On and on it went until “49…” and then Tommy was silent. The nurse asked, “Tommy, what’s next?” He replied, “I dunno what’s next!” Laughter ensued. Then the nurse said “Fifty!” Tommy said 51, and off they went again. Tommy barely flinched or cried out when the needle pierced his skin. It was truly impressive. I was amazed at how smoothly it all went, even though I was on the verge of tears for most of it. (By the time I met Tommy, I had already dealt with an onslaught of emotions from seeing other patients in various positions of pain and discomfort.)
I think my sadness about “really sick kids” was triggered mainly by another little boy, only 3 1/2 years old, who most likely will not get better. Timothy* had ALL (leukemia) long before I met him. His chemo treatment put him into remission, but also sadly, gave him secondary AML, a different leukemia – much harder to treat. He was treated with chemo yet again, and this time, a bone marrow transplant (the only curative option for AML). He was in remission for quite some time, and then he relapsed. And this is where I met little Timothy. By now, little Timothy also has a host of other complications, and it is nearly impossible to decipher whether it is the chemo or the disease causing these other problems. I met him in week 2 of my 5-week rotation, and by the end of my 5 weeks, it was pretty clear that he will be going home soon, not with a cure, but for palliative care.

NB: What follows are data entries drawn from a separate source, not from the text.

(* Let $L$ be a finite loop and let $Z_2 = \{0,1\}$ be the Boolean near-ring with addition modulo $2$ and multiplication $a\cdot b = a$ for all $a,b\in Z_2$. Then the near loop ring $Z_2L$ has a subnear-ring $S \neq \{0\}$ which is a Boolean near-ring (i.e. $x\cdot x = x$ for all $x \in S$).
   Context: A loop is a set $L$ with a binary operation (written multiplicatively) and an identity $e$ such that for all $a,b \in L$ the equations $ax = b$ and $ya = b$ have unique solutions $x, y\in L$. The near loop ring $Z_2L$ consists of all formal sums $\sum_{m \in L} \alpha(m) m$ with $\alpha(m) \in Z_2$; addition is coefficientwise, and the product of $\alpha = \sum_{m \in \operatorname{supp}\alpha} \alpha(m) m$ and $\beta = \sum_{k \in \operatorname{supp}\beta} \beta(k) k$ (where $\operatorname{supp}$ denotes the set of loop elements with nonzero coefficient) is $\sum_{m \in \operatorname{supp}\alpha,\, k\in\operatorname{supp}\beta} (\alpha(m)\cdot\beta(k))\, mk$, like terms being collected by addition in $Z_2$; the element $1\cdot e$ is identified with $1$. A subnear-ring is a subset that is a subgroup under addition and closed under multiplication. *)

theory Defs
  imports Main
begin

definition loop :: "'a set \<Rightarrow> ('a \<Rightarrow> 'a \<Rightarrow> 'a) \<Rightarrow> 'a \<Rightarrow> bool" where
  "loop L f e \<longleftrightarrow> e \<in> L \<and> (\<forall>a\<in>L. \<forall>b\<in>L. f a b \<in> L)
     \<and> (\<forall>a\<in>L. f e a = a \<and> f a e = a)
     \<and> (\<forall>a\<in>L. \<forall>b\<in>L. \<exists>!x. x \<in> L \<and> f a x = b)
     \<and> (\<forall>a\<in>L. \<forall>b\<in>L. \<exists>!y. y \<in> L \<and> f y a = b)"

text \<open>The Boolean near-ring Z2 = {0,1} encoded as bool (False = 0, True = 1):
  addition modulo 2, negation, and multiplication a * b = a.\<close>
definition z2_add :: "bool \<Rightarrow> bool \<Rightarrow> bool" where "z2_add a b = (a \<noteq> b)"
definition z2_neg :: "bool \<Rightarrow> bool" where "z2_neg a = a"
definition z2_mult :: "bool \<Rightarrow> bool \<Rightarrow> bool" where "z2_mult a b = a"

text \<open>Near loop ring Z2L: formal sums = coefficient functions supported in L.\<close>
definition nlr_carrier :: "'a set \<Rightarrow> ('a \<Rightarrow> bool) set" where
  "nlr_carrier L = {\<alpha>. \<forall>m. \<alpha> m \<longrightarrow> m \<in> L}"

definition nlr_zero :: "'a \<Rightarrow> bool" where "nlr_zero = (\<lambda>_. False)"

definition nlr_add :: "('a \<Rightarrow> bool) \<Rightarrow> ('a \<Rightarrow> bool) \<Rightarrow> ('a \<Rightarrow> bool)" where
  "nlr_add \<alpha> \<beta> = (\<lambda>m. z2_add (\<alpha> m) (\<beta> m))"

definition nlr_neg :: "('a \<Rightarrow> bool) \<Rightarrow> ('a \<Rightarrow> bool)" where
  "nlr_neg \<alpha> = (\<lambda>m. z2_neg (\<alpha> m))"

text \<open>Product: sum over m in supp alpha, k in supp beta of (alpha m * beta k) (m k),
  collecting like terms in Z2: coefficient of g is the parity of the number of
  pairs (m,k) with nonzero coefficient product and m k = g.\<close>
definition nlr_mult :: "('a \<Rightarrow> 'a \<Rightarrow> 'a) \<Rightarrow> ('a \<Rightarrow> bool) \<Rightarrow> ('a \<Rightarrow> bool) \<Rightarrow> ('a \<Rightarrow> bool)" where
  "nlr_mult f \<alpha> \<beta> = (\<lambda>g. odd (card {(m, k). \<alpha> m \<and> \<beta> k \<and> z2_mult (\<alpha> m) (\<beta> k) \<and> f m k = g}))"

definition subnearring :: "'a set \<Rightarrow> ('a \<Rightarrow> 'a \<Rightarrow> 'a) \<Rightarrow> ('a \<Rightarrow> bool) set \<Rightarrow> bool" where
  "subnearring L f S \<longleftrightarrow> S \<subseteq> nlr_carrier L \<and> nlr_zero \<in> S
     \<and> (\<forall>a\<in>S. \<forall>b\<in>S. nlr_add a b \<in> S) \<and> (\<forall>a\<in>S. nlr_neg a \<in> S)
     \<and> (\<forall>a\<in>S. \<forall>b\<in>S. nlr_mult f a b \<in> S)"

end

theory Submission
  imports Defs
begin

text \<open>The formal sum \<open>1 \<cdot> e\<close> is idempotent because \<open>e e = e\<close>. In \<open>Z\<^sub>2L\<close> every element
  is its own negative and \<open>a + a = 0\<close>, so for any idempotent \<open>a\<close> the set \<open>{0, a}\<close> is a
  subnear-ring on which \<open>x x = x\<close> holds.\<close>

definition nlr_of :: "'a \<Rightarrow> 'a \<Rightarrow> bool" where
  "nlr_of x = (\<lambda>m. m = x)"

lemma nlr_of_in_carrier: "x \<in> L \<Longrightarrow> nlr_of x \<in> nlr_carrier L"
  by (simp add: nlr_of_def nlr_carrier_def)

lemma nlr_of_neq_zero: "nlr_of x \<noteq> nlr_zero"
  by (metis nlr_of_def nlr_zero_def)

lemma nlr_zero_in_carrier: "nlr_zero \<in> nlr_carrier L"
  by (simp add: nlr_zero_def nlr_carrier_def)

lemma nlr_add_self: "nlr_add a a = nlr_zero"
  by (simp add: nlr_add_def z2_add_def nlr_zero_def)

lemma nlr_add_zero_left: "nlr_add nlr_zero a = a"
  by (simp add: nlr_add_def z2_add_def nlr_zero_def)

lemma nlr_add_zero_right: "nlr_add a nlr_zero = a"
  by (simp add: nlr_add_def z2_add_def nlr_zero_def)

lemma nlr_neg_eq_self: "nlr_neg a = a"
  by (simp add: nlr_neg_def z2_neg_def)

lemma nlr_mult_zero_left: "nlr_mult f nlr_zero b = nlr_zero"
  by (simp add: nlr_mult_def nlr_zero_def)

lemma nlr_mult_zero_right: "nlr_mult f a nlr_zero = nlr_zero"
  by (simp add: nlr_mult_def nlr_zero_def)

lemma nlr_mult_of: "nlr_mult f (nlr_of x) (nlr_of y) = nlr_of (f x y)"
proof
  fix g
  have "{(m, k). nlr_of x m \<and> nlr_of y k \<and> z2_mult (nlr_of x m) (nlr_of y k) \<and> f m k = g}
      = (if f x y = g then {(x, y)} else {})"
    by (auto simp: nlr_of_def z2_mult_def)
  then show "nlr_mult f (nlr_of x) (nlr_of y) g = nlr_of (f x y) g"
    by (simp add: nlr_mult_def nlr_of_def)
qed

lemma subnearring_zero_idempotent:
  assumes "a \<in> nlr_carrier L" and "nlr_mult f a a = a"
  shows "subnearring L f {nlr_zero, a}"
  using assms
  by (auto simp: subnearring_def nlr_zero_in_carrier nlr_add_self nlr_add_zero_left
      nlr_add_zero_right nlr_neg_eq_self nlr_mult_zero_left nlr_mult_zero_right)

theorem theorem3p3p4:
  fixes L :: "'a set" and f :: "'a \<Rightarrow> 'a \<Rightarrow> 'a" and e :: 'a
  assumes "finite L" and "loop L f e"
  shows "\<exists>S. subnearring L f S \<and> S \<noteq> {nlr_zero} \<and> (\<forall>x\<in>S. nlr_mult f x x = x)"
proof -
  have "e \<in> L" and "f e e = e"
    using assms(2) by (auto simp: loop_def)
  then have idem: "nlr_mult f (nlr_of e) (nlr_of e) = nlr_of e"
    and carrier: "nlr_of e \<in> nlr_carrier L"
    by (simp_all add: nlr_mult_of nlr_of_in_carrier)
  let ?S = "{nlr_zero, nlr_of e}"
  have "subnearring L f ?S"
    using subnearring_zero_idempotent[OF carrier idem] .
  moreover have "?S \<noteq> {nlr_zero}"
    using nlr_of_neq_zero[of e] by auto
  moreover have "\<forall>x\<in>?S. nlr_mult f x x = x"
    using idem nlr_mult_zero_left by auto
  ultimately show ?thesis by blast
qed

end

Sick kids are so sad. For me. Dealing with death isn’t easy, but I thought I had a grasp on it from my work with the residents in Assisted Living. Now, I realize, that they were the ones making it easier for me. They were so graceful in life and in death. Not everyone has made peace with dying, but my residents taught me that since they didn’t fear it, I didn’t have to fear it for them. I was lucky to learn about death in this way. Maybe some of these same concepts that I learned from my residents can be applied to pediatric patients too, but I haven’t figured it out yet. My pediatric rotation is over, but I am still working through the emotions and sadness I am feeling. I question whether I want to deal with kids that are this sick on a regular basis. Luckily, my school has a number of resources for me, including a clinical nurse psychologist with a specialty in helping children with life-threatening illnesses. I can only imagine what an amazing resource that she will be in my journey as a nursing student.